Jim Cramer of CNBC says that because of what is happening in Europe, the global financial system is at “DEFCON 3, two stages from a financial collapse that is so huge it’s hard to get your mind around.”
Unfortunately, Jim Cramer is not exaggerating. The global economy is heading for a massive amount of trouble if something dramatic is not done immediately.
This is not a drill. Bert Van Roosebeke, an economist with the Center for European Policy, recently made the following statement about the cold, hard reality now facing Europe….
“We’re actually really running out of money”
Back during the early 1930s, the flow of credit was greatly restricted and that was one of the primary causes of the Great Depression. Back in 2008, another massive credit crunch just about brought the financial world to its knees.
Well, now it is starting to happen again. A nightmarish credit crunch has already begun in Europe, and nobody seems to have any answers about how to stop it.

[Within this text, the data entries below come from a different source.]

lemma reduced_dvd_I: "reduced I J K \<Longrightarrow> a \<in> I \<Longrightarrow> m \<in> I \<Longrightarrow> a dvd m \<Longrightarrow> m = a"
  and reduced_not_dvd_J: "reduced I J K \<Longrightarrow> a \<in> I \<Longrightarrow> m \<in> J \<Longrightarrow> \<not> a dvd m"
  by (auto simp: reduced_def)

lemma gbar_in_comp_alg:
  assumes "reduced I J K" "d \<in> Delta I J K"
  shows "gbar (Delta I J K) d \<in> hcarrier (comp_alg d)"
  using assms(2)
proof (cases rule: Delta_cases)
  case (Luk2 k h i)
  obtain m where "m \<in> J" "k dvd m" using Luk2(3) by (auto simp: divdown_def)
  then have "1 \<le> k" using reduced_divisor_bounds[OF assms(1)] by blast
  then have g: "gen_el k h \<in> {0..(int k, int h)}"
    using gen_el_in_Luk2 Luk2 by (fastforce simp: Luk2_eq_Gamma)
  then have "neg_lex k h (gen_el k h) \<in> {0..(int k, int h)}"
    by (cases "gen_el k h") (auto simp: neg_lex_def Luk2_eq_Gamma Gamma_imp zero_prod_def min_def)
  then show ?thesis using Luk2 g assms(2) by (auto simp: gbar_def comp_alg_def Luk2_eq_Gamma)
qed (use assms in \<open>auto simp: gbar_def comp_alg_def Luk_def Comega_def\<close>)

lemma coprime_slope_dvd: "y * int a = int h * int k \<Longrightarrow> coprime a h \<Longrightarrow> a dvd k"
  by (metis coprime_dvd_mult_right_iff dvd_triv_right int_dvd_int_iff of_nat_mult coprime_int_iff
      mult.commute dvdI)

lemma separating_term_at_Luk:
  assumes red: "reduced I J K" and aI: "a \<in> I" and inv: "inverse_multipliers a s \<alpha> \<beta>"
    and s: "Max (I \<union> J) < s" and k: "k \<in> divdown I" "h < k" "coprime k h"
  shows "heval (Luk k) (int h, 0) (separating_term a s \<alpha> \<beta>) =
    (if k = a then (int a - 1, 0) else (int k, 0))"
proof -
  obtain m where m: "m \<in> I" "k dvd m" using k(1) by (auto simp: divdown_def)
  have kb: "1 \<le> k" "k < s" using reduced_divisor_bounds[OF red m(2)] m(1) s by auto
  have y: "(int h, 0) \<in> hcarrier (Luk k)" using k by (simp add: Luk_def)
  have ys: "(int h, 0::int) \<in> {0..(int k, 0)}" using k by (simp add: zero_prod_def)
  show ?thesis
  proof (cases "k = a")
    case ka: True
    show ?thesis
    proof (cases "a = 1")
      case True
      then have "h = 0" using ka k by simp
      then show ?thesis using ka True heval_Luk[OF y] separating_term_unit(1) by simp
    next
      case False
      have "h \<noteq> 0"
      proof
        assume "h = 0"
        then have "coprime a 0" using k ka by simp
        then show False using False by simp
      qed
      then have "h \<in> set (coprime_residues a)" using k ka by (simp add: coprime_residues_def)
      then show ?thesis using ka kb heval_Luk[OF y] separating_term_hit[OF inv] by simp
    qed
  next
    case False
    have "a \<noteq> 1"
    proof
      assume "a = 1"
      then have "m = 1" using reduced_dvd_I[OF red aI m(1)] by simp
      then show False using m(2) False \<open>a = 1\<close> by simp
    qed
    have "fst (int h, 0::int) * int a \<noteq> int h' * fst (int k, 0::int)"
      if "h' \<in> set (coprime_residues a)" for h'
    proof
      assume "fst (int h, 0::int) * int a = int h' * fst (int k, 0::int)"
      then have "a dvd k" using that coprime_slope_dvd[of "int h" a h' k]
        by (simp add: coprime_residues_def)
      then have "m = a" using reduced_dvd_I[OF red aI m(1)] m(2) dvd_trans by blast
      then show False using \<open>a dvd k\<close> m(2) False dvd_antisym by blast
    qed
    then show ?thesis
      using False kb heval_Luk[OF y] separating_term_top[OF inv \<open>a \<noteq> 1\<close> ys] by simp
  qed
qed

lemma separating_term_at_Luk2:
  assumes red: "reduced I J K" and aI: "a \<in> I" and inv: "inverse_multipliers a s \<alpha> \<beta>"
    and s: "Max (I \<union> J) < s" and k: "k \<in> divdown J" and y: "y \<in> hcarrier (Luk2 k h)"
  shows "heval (Luk2 k h) y (separating_term a s \<alpha> \<beta>) = (int k, int h)"
proof -
  obtain m where m: "m \<in> J" "k dvd m" using k by (auto simp: divdown_def)
  have kb: "1 \<le> k" "k < s" using reduced_divisor_bounds[OF red m(2)] m(1) s by auto
  have "a \<noteq> 1" using reduced_not_dvd_J[OF red aI m(1)] by auto
  have "fst y * int a \<noteq> int h' * fst (int k, int h)" if "h' \<in> set (coprime_residues a)" for h'
  proof
    assume "fst y * int a = int h' * fst (int k, int h)"
    then have "a dvd k" using that coprime_slope_dvd[of "fst y" a h' k]
      by (simp add: coprime_residues_def)
    then show False using reduced_not_dvd_J[OF red aI m(1)] m(2) dvd_trans by blast
  qed
  then show ?thesis
    using kb y separating_term_top[OF inv \<open>a \<noteq> 1\<close>] by (simp add: Luk2_eq_Gamma)
qed

lemma separating_term_at_Comega:
  assumes red: "reduced I J K" and aI: "a \<in> I" and inv: "inverse_multipliers a s \<alpha> \<beta>"
    and s: "Max (I \<union> J) < s"
  shows "heval Comega (-1, 0) (separating_term a s \<alpha> \<beta>) = (0, 0)"
proof -
  have "(-1, 0) \<in> hcarrier Comega" by (simp add: Comega_def)
  note transfer = heval_Comega[OF this, of "separating_term a s \<alpha> \<beta>"]
  have "1 \<le> a" "a < s" using reduced_divisor_bounds[OF red dvd_refl, of a] aI s by auto
  have "heval (Gamma (1, 0)) (1::int, -1::int) (separating_term a s \<alpha> \<beta>) = (1, 0)"
  proof (cases "a = 1")
    case True then show ?thesis using separating_term_unit(2) by simp
  next
    case False
    have "(1::int, -1::int) \<in> {0..(1, 0)}" by (simp add: zero_prod_def)
    moreover have
      "\<forall>h\<in>set (coprime_residues a). fst (1::int, -1::int) * int a \<noteq> int h * fst (1::int, 0::int)"
      by (auto simp: coprime_residues_def)
    ultimately show ?thesis
      using separating_term_top[OF inv False] \<open>a < s\<close> \<open>1 \<le> a\<close> by simp
  qed
  then show ?thesis using transfer by (auto simp: Comega_def)
qed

From global airlines and shipping giants to small manufacturers, all kinds of companies are feeling the strain as European banks pull back on lending in an effort to hoard capital and shore up their balance sheets.
The result is a credit squeeze for companies from Berlin to Beijing, edging the world economy toward another slump.
When there is a credit crunch of this magnitude, it causes the money supply to start to shrink. This is already happening all over Europe as a recent article in the Telegraph noted….
All key measures of the money supply in the eurozone contracted in October with drastic falls across parts of southern Europe, raising the risk of severe recession over coming months.
Right now, we are seeing the money supply in each of the “PIIGS” nations fall at a staggering rate. The following comes from the same Telegraph article referenced above….
Simon Ward from Henderson Global Investors said “narrow” M1 money – which includes cash and overnight deposits, and signals short-term spending plans – shows an alarming split between North and South.
While real M1 deposits are still holding up in the German bloc, the rate of fall over the last six months (annualised) has been 20.7pc in Greece, 16.3pc in Portugal, 11.8pc in Ireland, and 8.1pc in Spain, and 6.7pc in Italy. The pace of decline in Italy has been accelerating, partly due to capital flight. “This rate of contraction is greater than in early 2008 and implies an even deeper recession, both for Italy and the whole periphery,” said Mr Ward.
Those numbers are really, really bad.
But instead of doing something to prepare for the coming economic crisis, members of the U.S. Congress are focused on stripping even more of our liberties and freedoms away from us.
As I wrote about yesterday, a new law (S. 1867) is being pushed through the U.S. Senate that is extremely frightening.
If this bill becomes a law, the United States of America would officially become part of the “battlefield” in the war on terror, and any American citizen could easily be flagged as a “potential terrorist”.
Once identified as a “potential terrorist”, the U.S. military would be able to arrest you, take you to a foreign prison and detain you for the rest of your life without ever having to charge you with anything.
What in the world is happening to America?
Unfortunately, as the economy gets even worse civil unrest in this country is going to intensify and the thin veneer of civilization that we all take for granted is going to start to disappear.
In response to the coming civil unrest, the U.S. Congress will try to pass laws that will be even more repressive than S. 1867.
Our nation has entered a downward spiral and things are going to become very frightening if this thing is not turned around.